Notice that the equation for the total variance makes sense in the \bar f \rightarrow \infty limit; the processing time variance becomes the run-time variance. The equation also has the expected ingredients by depending on both the run-time and repair time variance. But the equation also has a bit of a surprise, it depends on the square of the mean repair time, \bar r^2. That dependence leads to an interesting trade-off.

Imagine that we have a setup with fixed \sigma_t, \sigma_r, and \bar t, and fixed \mathbb{E}(\tau) but we are free to choose \bar f and \bar r. That is, for a given mean total processing time, we can choose between a machine that fails frequently with short repair times or we can choose a machine that fails infrequently but with long repair times. Which one would we like, and does it matter since either choice leads to the same mean total processing time?
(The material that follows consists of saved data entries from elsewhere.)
(* Let $K\subset\mathbb{R}^m$ be a self-dual cone and $L\subset\mathbb{R}^m$ a proper cone. If $K$ is an $L$-isotone projection set and at least one of $\operatorname{int}(K)\cap L$ or $\operatorname{int}(K)\cap L^*$ is nonempty, then $K=A\mathbb{R}^m_+$ for some orthogonal $m\times m$ matrix $A$. Moreover, the only proper cones $L$ such that $\mathbb{R}^m_+$ is an $L$-isotone projection set are the orthants of the reference system, i.e. the cones $\{x\in\mathbb{R}^m:\varepsilon^i x^i\ge 0,\ i=1,\dots,m\}$ with $\varepsilon^i\in\{-1,1\}$.
   Context: $\mathbb{R}^m$ carries the standard inner product with a fixed Cartesian coordinate system, and $\mathbb{R}^m_+=\{x:x^i\ge 0,\ i=1,\dots,m\}$. A convex cone is a nonempty set $K$ with $K+K\subset K$, $tK\subset K$ for $t\ge0$; a proper cone is a closed convex cone that is pointed ($K\cap(-K)=\{0\}$) and generating ($K-K=\mathbb{R}^m$). The dual cone is $K^*=\{y:\langle x,y\rangle\ge0\ \forall x\in K\}$; $K$ is self-dual if $K=K^*$. For a cone $L$, $x\le_L y$ means $y-x\in L$. $P_D$ is the metric projection onto a nonempty closed convex set $D$; $D$ is an $L$-isotone projection set if $x\le_L y$ implies $P_Dx\le_L P_Dy$. *)

theory Defs
  imports "HOL-Analysis.Analysis"
begin

definition convex_cone_set :: "('a::real_vector) set \<Rightarrow> bool" where
  "convex_cone_set K \<longleftrightarrow> K \<noteq> {} \<and> (\<forall>x\<in>K. \<forall>y\<in>K. x + y \<in> K)
      \<and> (\<forall>x\<in>K. \<forall>t::real. t \<ge> 0 \<longrightarrow> t *\<^sub>R x \<in> K)"

definition proper_cone :: "('a::real_normed_vector) set \<Rightarrow> bool" where
  "proper_cone K \<longleftrightarrow> convex_cone_set K \<and> closed K \<and> K \<inter> uminus ` K = {0}
      \<and> {x - y | x y. x \<in> K \<and> y \<in> K} = UNIV"

definition dual_cone :: "('a::real_inner) set \<Rightarrow> 'a set" where
  "dual_cone K = {y. \<forall>x\<in>K. inner x y \<ge> 0}"

definition self_dual :: "('a::real_inner) set \<Rightarrow> bool" where
  "self_dual K \<longleftrightarrow> convex_cone_set K \<and> K = dual_cone K"

definition cone_le :: "('a::real_vector) set \<Rightarrow> 'a \<Rightarrow> 'a \<Rightarrow> bool" where
  "cone_le L x y \<longleftrightarrow> y - x \<in> L"

definition isotone_projection_set :: "('a::euclidean_space) set \<Rightarrow> 'a set \<Rightarrow> bool" where
  "isotone_projection_set D L \<longleftrightarrow> D \<noteq> {} \<and> closed D \<and> convex D
     \<and> (\<forall>x y. cone_le L x y \<longrightarrow> cone_le L (closest_point D x) (closest_point D y))"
At fixed \mathbb{E}(\tau) we must have,

    \begin{equation*} \left(\frac{\bar f + \bar r}{\bar f}\right)=K,\end{equation}

for some constant K. But since the variance of the total processing time depends on \bar r, different choices of \bar f will lead to different total variance. The graph shows different iso-contours of constant mean total processing time in the total variance/mean time between failure plane. Along the black curve, we see that as the mean total processing time increases, we can minimize the variance by choosing a configuration where the machine fails often but with short repair times.

Minimizing total variance as a function of mean time between failures.

Why is this important? Well, in a queue, all else remaining equal, increasing server variance increases the expected queue length. So, in a workflow, if we have to live with interruptions, for the same mean processing time, it’s better to live with frequent short interruptions rather than infrequent long interruptions. The exact trade-offs depend on the details of the problem, but this observation is something that all government data scientists who are focused on improving operations should keep in the back of their mind.